Look below for the lines from the one with "A binary form" to the one with "text \<open>Projective linear", and copy exactly those lines, both ends included.

*** DATA LISTING Section Begins ***

(* Let $d\ge1$ and let $X\cong\mathbb{P}^d$ be the projective space of effective divisors of degree $d$ on $\mathbb{P}^1$, with the natural action of $G=PGL(2,\mathbb{C})$. For any two nonempty projective linear subspaces $V,W\subseteq X$ there exists $g\in G$ such that $V$ and $gW$ meet properly, i.e. $\dim(V\cap gW)=\max\{-1,\dim V+\dim W-d\}$.
   Context: Dimension $-1$ means empty intersection. *)

theory Defs
  imports "HOL-Computational_Algebra.Polynomial"
begin

text \<open>The projective space X of effective divisors of degree d on P^1 is the
projectivisation of the (d+1)-dimensional complex vector space of binary forms of
degree d.  A binary form sum_k a_k x^k y^(d-k) is encoded by its dehomogenisation,
the univariate polynomial sum_k a_k x^k of degree at most d.\<close>

definition forms :: "nat \<Rightarrow> complex poly set" where
  "forms d = {p. degree p \<le> d}"

text \<open>Projective linear subspaces of X = nonzero linear subspaces of forms d.\<close>
definition lin_subspace :: "nat \<Rightarrow> complex poly set \<Rightarrow> bool" where
  "lin_subspace d V \<longleftrightarrow> V \<subseteq> forms d \<and> 0 \<in> V \<and>
     (\<forall>p\<in>V. \<forall>q\<in>V. p + q \<in> V) \<and> (\<forall>c. \<forall>p\<in>V. smult c p \<in> V)"

definition nonempty_proj_subspace :: "nat \<Rightarrow> complex poly set \<Rightarrow> bool" where
  "nonempty_proj_subspace d V \<longleftrightarrow> lin_subspace d V \<and> V \<noteq> {0}"

lemma vector_space_smult: "vector_space (smult :: complex \<Rightarrow> complex poly \<Rightarrow> complex poly)"
  by unfold_locales (auto simp: smult_add_right smult_add_left)

text \<open>Projective dimension: vector space dimension minus one (so -1 = empty).\<close>
definition pdim :: "complex poly set \<Rightarrow> int" where
  "pdim V = int (vector_space.dim (smult :: complex \<Rightarrow> complex poly \<Rightarrow> complex poly) V) - 1"

text \<open>Action of an invertible matrix g = [[a,b],[c,e]] on binary forms of degree d:
f(x,y) is sent to f(a x + b y, c x + e y).  Scalar matrices act by scalars,
so this induces the natural action of PGL(2,C) on X.\<close>
definition act :: "nat \<Rightarrow> complex \<times> complex \<times> complex \<times> complex \<Rightarrow> complex poly \<Rightarrow> complex poly" where
  "act d g p = (case g of (a, b, c, e) \<Rightarrow>
     (\<Sum>k\<le>d. smult (coeff p k) ([:b, a:] ^ k * [:e, c:] ^ (d - k))))"

definition invertible2 :: "complex \<times> complex \<times> complex \<times> complex \<Rightarrow> bool" where
  "invertible2 g = (case g of (a, b, c, e) \<Rightarrow> a * e - b * c \<noteq> 0)"

end

theory Submission
  imports Defs
begin

(* Call r generic
   for a subspace V if no nonzero element of V vanishes to order dim V at r; a Wronskian
   argument shows that all but finitely many points are generic.  In Taylor coordinates at r,
   the substitution x |-> s + t / (x - r) sends the k-th Taylor coefficient of q at s to the
   (d - k)-th Taylor coefficient of its image at r, scaled by t^k.  So if dim V + dim W <= d + 1,
   r is generic for V and s for W, then for small t the image of W lives essentially in the
   top dim W coefficients at r, where no element of V can live: a norm estimate shows that V
   meets the image only in 0.  If dim V + dim W > d + 1, apply this to a subspace of W of
   dimension d + 1 - dim V, which then spans a complement of V, and conclude by the modular law. *)

context vector_space
begin

lemma subspace_finite_basis:
  assumes "subspace V" "finite B" "V \<subseteq> span B"
  obtains C where "C \<subseteq> V" "independent C" "span C = V" "finite C" "card C = dim V"
proof -
  obtain C where C: "C \<subseteq> V" "independent C" "V \<subseteq> span C" "card C = dim V"
    using basis_exists by blast
  moreover have "span C = V"
    using C assms(1) span_minimal[of C V] by auto
  moreover have "finite C"
    using independent_span_bound[OF assms(2) C(2)] C(1) assms(3) by blast
  ultimately show thesis using that by blast
qed

lemma subspace_eq_of_dim_le:
  assumes "subspace S" "subspace T" "S \<subseteq> T" "finite B" "T \<subseteq> span B" "dim T \<le> dim S"
  shows "S = T"
proof -
  obtain C where C: "C \<subseteq> S" "independent C" "span C = S" "finite C" "card C = dim S"
    using subspace_finite_basis[OF assms(1,4)] assms(3,5) by (metis order_trans)
  obtain D where D: "D \<subseteq> T" "span D = T" "finite D" "card D = dim T"
    using subspace_finite_basis[OF assms(2,4,5)] by metis
  have "T \<subseteq> S"
  proof
    fix x assume "x \<in> T"
    show "x \<in> S"
    proof (rule ccontr)
      assume "x \<notin> S"
      then have "independent (insert x C)" and "x \<notin> C"
        using independent_insertI[of x C] C(1-3) by auto
      moreover have "insert x C \<subseteq> span D"
        using \<open>x \<in> T\<close> C(1) assms(3) D(2) by auto
      ultimately have "card (insert x C) \<le> card D"
        using independent_span_bound[OF D(3)] by blast
      then show False
        using \<open>x \<notin> C\<close> C(4,5) D(4) assms(6) by simp
    qed
  qed
  then show ?thesis using assms(3) by blast
qed

lemma dim_Un_direct:
  assumes "subspace A" "subspace C" "A \<inter> C \<subseteq> {0}" "finite B" "A \<union> C \<subseteq> span B"
  shows "dim (A \<union> C) = dim A + dim C"
proof -
  obtain BA where BA: "BA \<subseteq> A" "independent BA" "span BA = A" "finite BA" "card BA = dim A"
    using subspace_finite_basis[OF assms(1,4)] assms(5) by (metis le_sup_iff)
  obtain BC where BC: "BC \<subseteq> C" "independent BC" "span BC = C" "finite BC" "card BC = dim C"
    using subspace_finite_basis[OF assms(2,4)] assms(5) by (metis le_sup_iff)
  have disj: "BA \<inter> BC = {}"
    using BA(1,2) BC(1) assms(3) dependent_zero by blast
  have "independent (BA \<union> BC)"
  proof (rule independent_if_scalars_zero)
    show "finite (BA \<union> BC)" using BA(4) BC(4) by simp
  next
    fix f x assume sum0: "(\<Sum>x\<in>BA \<union> BC. scale (f x) x) = 0" and x: "x \<in> BA \<union> BC"
    define a where "a = (\<Sum>x\<in>BA. scale (f x) x)"
    define c where "c = (\<Sum>x\<in>BC. scale (f x) x)"
    have "a \<in> A" "c \<in> C"
      unfolding a_def c_def BA(3)[symmetric] BC(3)[symmetric] by (auto intro: span_sum span_scale span_base)
    moreover have "a = - c"
      using sum0 unfolding a_def c_def sum.union_disjoint[OF BA(4) BC(4) disj]
      by (simp add: eq_neg_iff_add_eq_0)
    ultimately have "a = 0" "c = 0"
      using assms(2,3) subspace_neg by fastforce+
    then show "f x = 0"
      using x independentD[OF BA(2,4) order_refl] independentD[OF BC(2,4) order_refl]
      unfolding a_def c_def by blast
  qed
  moreover have "span (BA \<union> BC) = span (A \<union> C)"
    unfolding BA(3)[symmetric] BC(3)[symmetric] span_Un span_span ..
  ultimately have "dim (A \<union> C) = card (BA \<union> BC)"
    using dim_eq_card by metis
  then show ?thesis
    using card_Un_disjoint[OF BA(4) BC(4) disj] BA(5) BC(5) by simp
qed

text \<open>The modular law \<open>U = (V \<inter> U) \<oplus> U'\<close>, counted in dimensions.\<close>

lemma dim_Int_add_dim_complement:
  assumes "subspace V" "subspace U" "subspace U'" "U' \<subseteq> U" "V \<inter> U' \<subseteq> {0}"
    and "U \<subseteq> span (V \<union> U')" "finite B" "U \<subseteq> span B"
  shows "dim (V \<inter> U) + dim U' = dim U"
proof -
  have "span ((V \<inter> U) \<union> U') = U"
  proof (intro antisym)
    show "span ((V \<inter> U) \<union> U') \<subseteq> U"
      using assms(2,4) span_minimal[of "(V \<inter> U) \<union> U'" U] by blast
    show "U \<subseteq> span ((V \<inter> U) \<union> U')"
    proof
      fix u assume u: "u \<in> U"
      obtain a b where ab: "u = a + b" "a \<in> V" "b \<in> U'"
        using u assms(6) unfolding span_Un span_eq_iff[THEN iffD2, OF assms(1)]
          span_eq_iff[THEN iffD2, OF assms(3)] by blast
      then have "a \<in> U"
        using u assms(2,4) subspace_diff[of U u b] by auto
      then show "u \<in> span ((V \<inter> U) \<union> U')"
        using ab span_add[of a _ b] span_base[of _ "(V \<inter> U) \<union> U'"] by auto
    qed
  qed
  moreover have "dim ((V \<inter> U) \<union> U') = dim (V \<inter> U) + dim U'"
    using assms by (intro dim_Un_direct[where B = B]) (auto intro: subspace_inter)
  ultimately show ?thesis using dim_span by metis
qed

lemma dim_Int_add_dim_complement_of_dim_le:
  assumes "subspace V" "subspace U" "subspace U'" "U' \<subseteq> U" "V \<inter> U' \<subseteq> {0}"
    and "subspace T" "V \<union> U \<subseteq> T" "finite B" "T \<subseteq> span B" "dim T \<le> dim V + dim U'"
  shows "dim (V \<inter> U) + dim U' = dim U"
proof -
  have "V \<union> U' \<subseteq> T"
    using assms(4,7) by blast
  have "dim (V \<union> U') = dim V + dim U'"
    using dim_Un_direct[OF assms(1,3,5,8)] \<open>V \<union> U' \<subseteq> T\<close> assms(9) by blast
  then have "span (V \<union> U') = T"
    using assms(10)
    by (intro subspace_eq_of_dim_le[OF subspace_span assms(6) span_minimal[OF \<open>V \<union> U' \<subseteq> T\<close> assms(6)]
          assms(8,9)]) simp
  then show ?thesis
    using assms(7,9) by (intro dim_Int_add_dim_complement[OF assms(1-5) _ assms(8)]) auto
qed

lemma dim_image_eq_of_inj_on:
  assumes "Vector_Spaces.linear scale scale f" "subspace V" "inj_on f V" "finite B" "V \<subseteq> span B"
  shows "dim (f ` V) = dim V"
proof -
  interpret f: Vector_Spaces.linear scale scale f by fact
  obtain C where C: "C \<subseteq> V" "independent C" "span C = V" "card C = dim V"
    using subspace_finite_basis[OF assms(2,4,5)] by metis
  have "independent (f ` C)"
    using f.independent_injective_image[OF C(2)] assms(3) C(3) by simp
  moreover have "span (f ` C) = span (f ` V)"
    using f.span_image[of C] f.subspace_image[OF assms(2)] C(3) by (metis span_eq_iff)
  ultimately have "dim (f ` V) = card (f ` C)"
    using dim_eq_card by metis
  then show ?thesis
    using card_image[OF inj_on_subset[OF assms(3) C(1)]] C(4) by simp
qed

lemma subspace_with_dim:
  assumes "subspace W" "finite B" "W \<subseteq> span B" "n \<le> dim W"
  obtains W' where "subspace W'" "W' \<subseteq> W" "dim W' = n"
proof -
  obtain C where C: "C \<subseteq> W" "independent C" "card C = dim W"
    using subspace_finite_basis[OF assms(1-3)] by metis
  obtain C' where C': "C' \<subseteq> C" "card C' = n"
    using obtain_subset_with_card_n assms(4) C(3) by (metis)
  show thesis
  proof (rule that)
    show "span C' \<subseteq> W"
      using C(1) C'(1) assms(1) span_minimal by blast
    show "dim (span C') = n"
      using dim_span_eq_card_independent[OF independent_mono[OF C(2) C'(1)]] C'(2) by simp
  qed simp
qed

end

definition taylor :: "'a::comm_semiring_1 \<Rightarrow> 'a poly \<Rightarrow> 'a poly" where
  "taylor r p = pcompose p [:r, 1:]"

*** DATA LISTING Section Ends ***

__TASK RESPONSE__.
degree d.  A binary form sum_k a_k x^k y^(d-k) is encoded by its dehomogenisation,
the univariate polynomial sum_k a_k x^k of degree at most d.\<close>

definition forms :: "nat \<Rightarrow> complex poly set" where
  "forms d = {p. degree p \<le> d}"

text \<open>Projective linear subspaces of X = nonzero linear subspaces of forms d.\<close>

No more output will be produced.